Nope, I learned that S&W stopped making the 431PD (.32 Magnum, double action, exposed hammer) in 2008. I'd love to have one - especially to have that sixth round - but in all my looking, I have not find one locally or online for less than $500, and a couple LNIB examples were pushing nine bills!

So, I took the plunge and bought a SS Undercoverette online for $325. We'll see if I made the right choice. 
I'll report back how I like it once my local FFL gets it to me and I have a chance to take it to the range.


----------



## denner

Tanshanomi said:


> Nope, I learned that S&W stopped making the 431PD (.32 Magnum, double action, exposed hammer) in 2008. I'd love to have one - especially to have that sixth round - but in all my looking, I have not find one locally or online for less than $500, and a couple LNIB examples were pushing nine bills!
> 
> So, I took the plunge and bought a SS Undercoverette online for $325. We'll see if I made the right choice.
> I'll report back how I like it once my local FFL gets it to me and I have a chance to take it to the range.


Congrats, and I agree with your decision, that's a large price difference. Charter Arms should serve you well.


----------



## shootbrownelk

RK3369 said:


> man, ain't that the truth. I've bought enough cheap guns over the years to know that they never make you as happy as a "good" one will.

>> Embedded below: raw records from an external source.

(* Let $\Omega$ be a compact metric space, $T:\Omega\to\Omega$ continuous with a dense orbit, $\mathcal{H}$ a complete metric space and $A:\Omega\to\mathrm{Isom}(\mathcal{H})$ continuous for the topology of uniform convergence on bounded sets. Let $F:\Omega\times\mathcal{H}\to\Omega\times\mathcal{H}$, $F(\omega,h)=(T\omega,A(\omega)\cdot h)$, and $I_T(\omega,h)=(T\omega,h)$. The following are equivalent: (P2) there exists $G:\Omega\to\mathrm{Homeo}(\mathcal{H})$, continuous for the pointwise topology, such that the map $\mathcal{G}(\omega,h)=(\omega,G(\omega)\cdot h)$ satisfies $\mathcal{G}^{-1}\circ F\circ\mathcal{G}=I_T$; (P3) for every $(\omega_0,h_0)\in\Omega\times\mathcal{H}$ there exists a continuous map $s_{\omega_0,h_0}:\Omega\to\mathcal{H}$ with $s_{\omega_0,h_0}(\omega_0)=h_0$ and $A(\omega)\cdot s_{\omega_0,h_0}(\omega)=s_{\omega_0,h_0}(T\omega)$ for all $\omega\in\Omega$, and for every $\omega_0,\omega\in\Omega$ the map $h_0\mapsto s_{\omega_0,h_0}(\omega)$ is continuous.
   Context: Continuity of $A$ for uniform convergence on bounded sets: for every bounded $K\subset\mathcal{H}$, $\omega_0\in\Omega$, $\varepsilon>0$ there is $\delta>0$ with $d_{\mathcal{H}}(A(\omega)h,A(\omega_0)h)<\varepsilon$ for all $h\in K$ when $d_\Omega(\omega,\omega_0)<\delta$. $\mathrm{Homeo}(\mathcal{H})$ is the group of homeomorphisms of $\mathcal{H}$; $G:\Omega\to\mathrm{Homeo}(\mathcal{H})$ is continuous for the pointwise topology if $\omega\mapsto G(\omega)\cdot h$ is continuous for each $h\in\mathcal{H}$. *)

theory Defs
  imports "HOL-Analysis.Analysis"
begin

definition is_isom :: "('b::metric_space \<Rightarrow> 'b) \<Rightarrow> bool" where
  "is_isom f \<longleftrightarrow> (\<forall>x y. dist (f x) (f y) = dist x y) \<and> surj f"

definition is_homeo :: "('b::topological_space \<Rightarrow> 'b) \<Rightarrow> bool" where
  "is_homeo g \<longleftrightarrow> (\<exists>g'. homeomorphism UNIV UNIV g g')"

definition cont_unif_bounded :: "('a::metric_space \<Rightarrow> 'b::metric_space \<Rightarrow> 'b) \<Rightarrow> bool" where
  "cont_unif_bounded A \<longleftrightarrow>
     (\<forall>K \<omega>0 \<epsilon>. bounded K \<and> \<epsilon> > 0 \<longrightarrow>
        (\<exists>\<delta>>0. \<forall>\<omega>. dist \<omega> \<omega>0 < \<delta> \<longrightarrow> (\<forall>h\<in>K. dist (A \<omega> h) (A \<omega>0 h) < \<epsilon>)))"

definition cont_pointwise :: "('a::topological_space \<Rightarrow> 'b::topological_space \<Rightarrow> 'b) \<Rightarrow> bool" where
  "cont_pointwise G \<longleftrightarrow> (\<forall>h. continuous_on UNIV (\<lambda>\<omega>. G \<omega> h))"

definition has_dense_orbit :: "('a::topological_space \<Rightarrow> 'a) \<Rightarrow> bool" where
  "has_dense_orbit T \<longleftrightarrow> (\<exists>\<omega>. closure (range (\<lambda>n. (T ^^ n) \<omega>)) = UNIV)"

end

theory Submission
  imports Defs
begin

text \<open>
  A fibrewise map \<open>(\<omega>, h) \<mapsto> (\<omega>, G \<omega> h)\<close> conjugates \<open>F\<close> to \<open>I\<^sub>T\<close> exactly when
  \<open>A \<omega> \<circ> G \<omega> = G (T \<omega>)\<close>, i.e. when every \<open>\<omega> \<mapsto> G \<omega> h\<close> is an equivariant section; so
  a conjugacy yields the sections \<open>\<omega> \<mapsto> G \<omega> (G \<omega>\<^sub>0\<inverse> h\<^sub>0)\<close>. Conversely, fix a point \<open>w\<close>
  with dense orbit and set \<open>G \<omega> h = s\<^bsub>w,h\<^esub> \<omega>\<close>. As the \<open>A \<omega>\<close> are isometries, the distance
  between two equivariant continuous sections is constant along the orbit of \<open>w\<close>, hence
  constant; so each \<open>G \<omega>\<close> is isometric, and it is onto because an equivariant section is
  determined by its value at \<open>w\<close>.
\<close>

lemma is_homeo_iff_homeomorphism_inv:
  "is_homeo g \<longleftrightarrow> homeomorphism UNIV UNIV g (inv g)"
proof
  assume "is_homeo g"
  then obtain g' where g': "homeomorphism UNIV UNIV g g'"
    unfolding is_homeo_def by blast
  then have "inv g = g'"
    by (intro ext inv_equality) (auto simp: homeomorphism_def)
  with g' show "homeomorphism UNIV UNIV g (inv g)" by simp
qed (auto simp: is_homeo_def)

lemma is_homeo_imp_bij: "is_homeo g \<Longrightarrow> bij g"
  unfolding is_homeo_iff_homeomorphism_inv homeomorphism_def
  by (metis bij_betw_byWitness subset_UNIV)

lemma continuous_on_isometry:
  fixes g :: "'a::metric_space \<Rightarrow> 'b::metric_space"
  assumes "\<And>x y. dist (g x) (g y) = dist x y"
  shows "continuous_on S g"
  unfolding continuous_on_iff using assms by metis

lemma is_isom_imp_is_homeo:
  fixes g :: "'b::metric_space \<Rightarrow> 'b"
  assumes "is_isom g"
  shows "is_homeo g"
proof -
  have dist_g: "\<And>x y. dist (g x) (g y) = dist x y" and "surj g"
    using assms by (auto simp: is_isom_def)
  then have "bij g"
    by (metis bijI dist_eq_0_iff injI)
  then have "\<And>x y. dist (inv g x) (inv g y) = dist x y"
    by (metis dist_g bij_inv_eq_iff)
  with \<open>bij g\<close> dist_g show ?thesis
    unfolding is_homeo_iff_homeomorphism_inv
    by (intro homeomorphismI continuous_on_isometry) (auto simp: bij_is_inj bij_is_surj surj_f_inv_f)
qed

lemma inv_comp_conj_eq_iff:
  assumes "bij \<Phi>"
  shows "inv \<Phi> \<circ> F \<circ> \<Phi> = J \<longleftrightarrow> F \<circ> \<Phi> = \<Phi> \<circ> J"
proof -
  have "inv \<Phi> \<circ> \<Phi> = id" "\<Phi> \<circ> inv \<Phi> = id"
    using assms by (simp_all add: bij_is_inj bij_is_surj[THEN surj_iff[THEN iffD1]])
  then show ?thesis
    by (metis comp_assoc comp_id id_comp)
qed

lemma bij_fibrewise:
  assumes "\<And>\<omega>. bij (G \<omega>)"
  shows "bij (\<lambda>(\<omega>, h). (\<omega>, G \<omega> h))"
  by (rule bij_betw_byWitness[where f' = "\<lambda>(\<omega>, h). (\<omega>, inv (G \<omega>) h)"])
     (use assms in \<open>auto simp: bij_is_inj bij_is_surj surj_f_inv_f\<close>)

lemma fibrewise_conjugacy_iff:
  assumes "\<And>\<omega>. bij (G \<omega>)"
  shows "inv (\<lambda>(\<omega>, h). (\<omega>, G \<omega> h)) \<circ> (\<lambda>(\<omega>, h). (T \<omega>, A \<omega> h)) \<circ> (\<lambda>(\<omega>, h). (\<omega>, G \<omega> h))
           = (\<lambda>(\<omega>, h). (T \<omega>, h))
         \<longleftrightarrow> (\<forall>\<omega> h. A \<omega> (G \<omega> h) = G (T \<omega>) h)"
  unfolding inv_comp_conj_eq_iff[OF bij_fibrewise[OF assms]] by (auto simp: fun_eq_iff)

lemma dense_orbit_closed_invariant_eq_UNIV:
  fixes T :: "'a::topological_space \<Rightarrow> 'a"
  assumes "closure (range (\<lambda>n. (T ^^ n) w)) = UNIV"
    and "closed S" and "w \<in> S" and "\<And>x. x \<in> S \<Longrightarrow> T x \<in> S"
  shows "S = UNIV"
proof -
  have "(T ^^ n) w \<in> S" for n
    by (induction n) (simp_all add: assms(3,4))
  then have "closure (range (\<lambda>n. (T ^^ n) w)) \<subseteq> S"
    using assms(2) by (intro closure_minimal) auto
  with assms(1) show ?thesis by blast
qed

definition equivariant_section ::
    "('a \<Rightarrow> 'a) \<Rightarrow> ('a \<Rightarrow> 'b \<Rightarrow> 'b) \<Rightarrow> ('a::topological_space \<Rightarrow> 'b::topological_space) \<Rightarrow> bool"
  where "equivariant_section T A \<sigma> \<longleftrightarrow> continuous_on UNIV \<sigma> \<and> (\<forall>\<omega>. A \<omega> (\<sigma> \<omega>) = \<sigma> (T \<omega>))"

lemma equivariant_sectionD:
  assumes "equivariant_section T A \<sigma>"
  shows "continuous_on UNIV \<sigma>" and "A \<omega> (\<sigma> \<omega>) = \<sigma> (T \<omega>)"
  using assms by (simp_all add: equivariant_section_def)

lemma equivariant_sections_eq:
  fixes \<sigma>\<^sub>1 \<sigma>\<^sub>2 :: "'a::topological_space \<Rightarrow> 'b::t2_space"
  assumes orbit: "closure (range (\<lambda>n. (T ^^ n) w)) = UNIV"
    and \<sigma>\<^sub>1: "equivariant_section T A \<sigma>\<^sub>1" and \<sigma>\<^sub>2: "equivariant_section T A \<sigma>\<^sub>2"
    and "\<sigma>\<^sub>1 w = \<sigma>\<^sub>2 w"
  shows "\<sigma>\<^sub>1 = \<sigma>\<^sub>2"
proof -
  have "{\<omega>. \<sigma>\<^sub>1 \<omega> = \<sigma>\<^sub>2 \<omega>} = UNIV"
  proof (rule dense_orbit_closed_invariant_eq_UNIV[OF orbit])
    show "closed {\<omega>. \<sigma>\<^sub>1 \<omega> = \<sigma>\<^sub>2 \<omega>}"
      using \<sigma>\<^sub>1 \<sigma>\<^sub>2 by (intro closed_Collect_eq) (simp_all add: equivariant_sectionD)
    show "T \<omega> \<in> {\<omega>. \<sigma>\<^sub>1 \<omega> = \<sigma>\<^sub>2 \<omega>}" if "\<omega> \<in> {\<omega>. \<sigma>\<^sub>1 \<omega> = \<sigma>\<^sub>2 \<omega>}" for \<omega>
      using that equivariant_sectionD(2)[OF \<sigma>\<^sub>1, of \<omega>] equivariant_sectionD(2)[OF \<sigma>\<^sub>2, of \<omega>] by simp
  qed (use \<open>\<sigma>\<^sub>1 w = \<sigma>\<^sub>2 w\<close> in simp)
  then show ?thesis by auto
qed

lemma dist_equivariant_sections_const:
  fixes \<sigma>\<^sub>1 \<sigma>\<^sub>2 :: "'a::topological_space \<Rightarrow> 'b::metric_space"
  assumes orbit: "closure (range (\<lambda>n. (T ^^ n) w)) = UNIV"
    and isometric: "\<And>\<omega> x y. dist (A \<omega> x) (A \<omega> y) = dist x y"
    and \<sigma>\<^sub>1: "equivariant_section T A \<sigma>\<^sub>1" and \<sigma>\<^sub>2: "equivariant_section T A \<sigma>\<^sub>2"
  shows "dist (\<sigma>\<^sub>1 \<omega>) (\<sigma>\<^sub>2 \<omega>) = dist (\<sigma>\<^sub>1 w) (\<sigma>\<^sub>2 w)"
proof -
  let ?S = "{\<omega>. dist (\<sigma>\<^sub>1 \<omega>) (\<sigma>\<^sub>2 \<omega>) = dist (\<sigma>\<^sub>1 w) (\<sigma>\<^sub>2 w)}"
  have "?S = UNIV"
  proof (rule dense_orbit_closed_invariant_eq_UNIV[OF orbit])
    show "closed ?S"
      using \<sigma>\<^sub>1 \<sigma>\<^sub>2 by (intro closed_Collect_eq continuous_intros) (simp_all add: equivariant_sectionD)
    have "dist (\<sigma>\<^sub>1 (T \<omega>)) (\<sigma>\<^sub>2 (T \<omega>)) = dist (\<sigma>\<^sub>1 \<omega>) (\<sigma>\<^sub>2 \<omega>)" for \<omega>
      using isometric equivariant_sectionD(2)[OF \<sigma>\<^sub>1, of \<omega>] equivariant_sectionD(2)[OF \<sigma>\<^sub>2, of \<omega>] by metis
    then show "T \<omega> \<in> ?S" if "\<omega> \<in> ?S" for \<omega>
      using that by simp
  qed simp
  then show ?thesis by auto
qed

lemma equivariant_sections_of_conjugacy:
  assumes homeo: "\<And>\<omega>. is_homeo (G \<omega>)" and "cont_pointwise G"
    and conj: "\<And>\<omega> h. A \<omega> (G \<omega> h) = G (T \<omega>) h"
  defines "s \<equiv> \<lambda>\<omega>\<^sub>0 h\<^sub>0 \<omega>. G \<omega> (inv (G \<omega>\<^sub>0) h\<^sub>0)"
  shows "equivariant_section T A (s \<omega>\<^sub>0 h\<^sub>0)" and "s \<omega>\<^sub>0 h\<^sub>0 \<omega>\<^sub>0 = h\<^sub>0"
    and "continuous_on UNIV (\<lambda>h\<^sub>0. s \<omega>\<^sub>0 h\<^sub>0 \<omega>)"
proof -
  show "equivariant_section T A (s \<omega>\<^sub>0 h\<^sub>0)"
    using \<open>cont_pointwise G\<close> by (simp add: equivariant_section_def cont_pointwise_def s_def conj)
  show "s \<omega>\<^sub>0 h\<^sub>0 \<omega>\<^sub>0 = h\<^sub>0"
    using is_homeo_imp_bij[OF homeo] by (simp add: s_def bij_is_surj surj_f_inv_f)
  have "homeomorphism UNIV UNIV (inv (G \<omega>\<^sub>0)) (G \<omega>\<^sub>0)"
    using homeo[of \<omega>\<^sub>0] by (simp add: is_homeo_iff_homeomorphism_inv homeomorphism_symD)
  then have "homeomorphism UNIV UNIV (G \<omega> \<circ> inv (G \<omega>\<^sub>0)) (G \<omega>\<^sub>0 \<circ> inv (G \<omega>))"
    by (rule homeomorphism_compose) (use homeo in \<open>simp add: is_homeo_iff_homeomorphism_inv\<close>)
  then show "continuous_on UNIV (\<lambda>h\<^sub>0. s \<omega>\<^sub>0 h\<^sub>0 \<omega>)"
    by (simp add: homeomorphism_def s_def o_def)
qed

lemma is_isom_eval_equivariant_sections:
  fixes A :: "'a::topological_space \<Rightarrow> 'b::metric_space \<Rightarrow> 'b"
  assumes orbit: "closure (range (\<lambda>n. (T ^^ n) w)) = UNIV"
    and isom: "\<And>\<omega>. is_isom (A \<omega>)"
    and sections: "\<And>\<omega>\<^sub>0 h\<^sub>0. equivariant_section T A (s \<omega>\<^sub>0 h\<^sub>0)"
    and initial: "\<And>\<omega>\<^sub>0 h\<^sub>0. s \<omega>\<^sub>0 h\<^sub>0 \<omega>\<^sub>0 = h\<^sub>0"
  shows "is_isom (\<lambda>h. s w h \<omega>)"
proof -
  have "dist (s w x \<omega>) (s w y \<omega>) = dist (s w x w) (s w y w)" for x y
    by (rule dist_equivariant_sections_const[OF orbit _ sections sections])
       (use isom in \<open>simp add: is_isom_def\<close>)
  then have "dist (s w x \<omega>) (s w y \<omega>) = dist x y" for x y
    by (simp add: initial)
  moreover have "s w (s \<omega> h w) = s \<omega> h" for h
    by (rule equivariant_sections_eq[OF orbit sections sections]) (simp add: initial)
  then have "s w (s \<omega> h w) \<omega> = h" for h
    by (simp add: initial)
  then have "surj (\<lambda>h. s w h \<omega>)"
    by (rule surjI)
  ultimately show ?thesis
    unfolding is_isom_def by blast
qed

theorem proposition2p8:
  fixes T :: "'a::metric_space \<Rightarrow> 'a"
    and A :: "'a \<Rightarrow> 'b::complete_space \<Rightarrow> 'b"
  assumes "compact (UNIV :: 'a set)"
    and "continuous_on UNIV T"
    and "has_dense_orbit T"
    and "\<forall>\<omega>. is_isom (A \<omega>)"
    and "cont_unif_bounded A"
  shows "(\<exists>G :: 'a \<Rightarrow> 'b \<Rightarrow> 'b.
            (\<forall>\<omega>. is_homeo (G \<omega>)) \<and> cont_pointwise G \<and>
            (let F = (\<lambda>(\<omega>, h). (T \<omega>, A \<omega> h));
                 \<G> = (\<lambda>(\<omega>, h). (\<omega>, G \<omega> h));
                 I\<^sub>T = (\<lambda>(\<omega>, h). (T \<omega>, h))
             in inv \<G> \<circ> F \<circ> \<G> = I\<^sub>T))
     \<longleftrightarrow>
         (\<exists>s :: 'a \<Rightarrow> 'b \<Rightarrow> 'a \<Rightarrow> 'b.
            (\<forall>\<omega>0 h0. continuous_on UNIV (s \<omega>0 h0) \<and> s \<omega>0 h0 \<omega>0 = h0 \<and>
                      (\<forall>\<omega>. A \<omega> (s \<omega>0 h0 \<omega>) = s \<omega>0 h0 (T \<omega>))) \<and>
            (\<forall>\<omega>0 \<omega>. continuous_on UNIV (\<lambda>h0. s \<omega>0 h0 \<omega>)))"
  (is "?P2 \<longleftrightarrow> ?P3")
proof -
  let ?conjugacy = "\<lambda>G. (\<forall>\<omega>. is_homeo (G \<omega>)) \<and> cont_pointwise G \<and> (\<forall>\<omega> h. A \<omega> (G \<omega> h) = G (T \<omega>) h)"
  let ?sections = "\<lambda>s. (\<forall>\<omega>\<^sub>0 h\<^sub>0. equivariant_section T A (s \<omega>\<^sub>0 h\<^sub>0) \<and> s \<omega>\<^sub>0 h\<^sub>0 \<omega>\<^sub>0 = h\<^sub>0) \<and>
                      (\<forall>\<omega>\<^sub>0 \<omega>. continuous_on UNIV (\<lambda>h\<^sub>0. s \<omega>\<^sub>0 h\<^sub>0 \<omega>))"
  obtain w where orbit: "closure (range (\<lambda>n. (T ^^ n) w)) = UNIV"
    using \<open>has_dense_orbit T\<close> unfolding has_dense_orbit_def by blast
  have "?P2 \<longleftrightarrow> Ex ?conjugacy"
    by (auto simp: Let_def fibrewise_conjugacy_iff is_homeo_imp_bij)
  also have "\<dots> \<longleftrightarrow> Ex ?sections"
  proof
    assume "Ex ?conjugacy"
    then obtain G where "?conjugacy G" ..
    then show "Ex ?sections"
      by (intro exI[of _ "\<lambda>\<omega>\<^sub>0 h\<^sub>0 \<omega>. G \<omega> (inv (G \<omega>\<^sub>0) h\<^sub>0)"]) (simp add: equivariant_sections_of_conjugacy)
  next
    assume "Ex ?sections"
    then obtain s where sections: "\<And>\<omega>\<^sub>0 h\<^sub>0. equivariant_section T A (s \<omega>\<^sub>0 h\<^sub>0)"
      and initial: "\<And>\<omega>\<^sub>0 h\<^sub>0. s \<omega>\<^sub>0 h\<^sub>0 \<omega>\<^sub>0 = h\<^sub>0"
      by blast
    have "is_isom (\<lambda>h. s w h \<omega>)" for \<omega>
      using is_isom_eval_equivariant_sections[OF orbit _ sections initial] \<open>\<forall>\<omega>. is_isom (A \<omega>)\<close> by blast
    with sections show "Ex ?conjugacy"
      by (intro exI[of _ "\<lambda>\<omega> h. s w h \<omega>"])
         (auto simp: is_isom_imp_is_homeo cont_pointwise_def equivariant_section_def)
  qed
  also have "\<dots> \<longleftrightarrow> ?P3"
    by (simp add: equivariant_section_def conj_ac)
  finally show ?thesis .
qed

end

 That, and if you ever decide to sell the gun, the Charter Arms has pretty low resale value. The S&W on the other hand will probably bring close to, if not more than you paid for it. That's been my experience.


----------



## Tanshanomi

shootbrownelk said:


> That, and if you ever decide to sell the gun, the Charter Arms has pretty low resale value. The S&W on the other hand will probably bring close to, if not more than you paid for it. That's been my experience.


I didn't consider that. But on the other hand, I've sold exactly two guns in my life. The solution is always a bigger safe.


----------



## Steve M1911A1

Tanshanomi said:


> ...The solution is always a bigger safe.


Your solution = My solution.
It is always unfortunate that the new safe soon still isn't big enough.


----------



## Tanshanomi

Picked up my Undercoverette last week. Took it to the range Friday night. Overall, I am very pleased. A breeze to shoot and it has a pretty good trigger. I really enjoy shooting the .32 magnum cartridge.


----------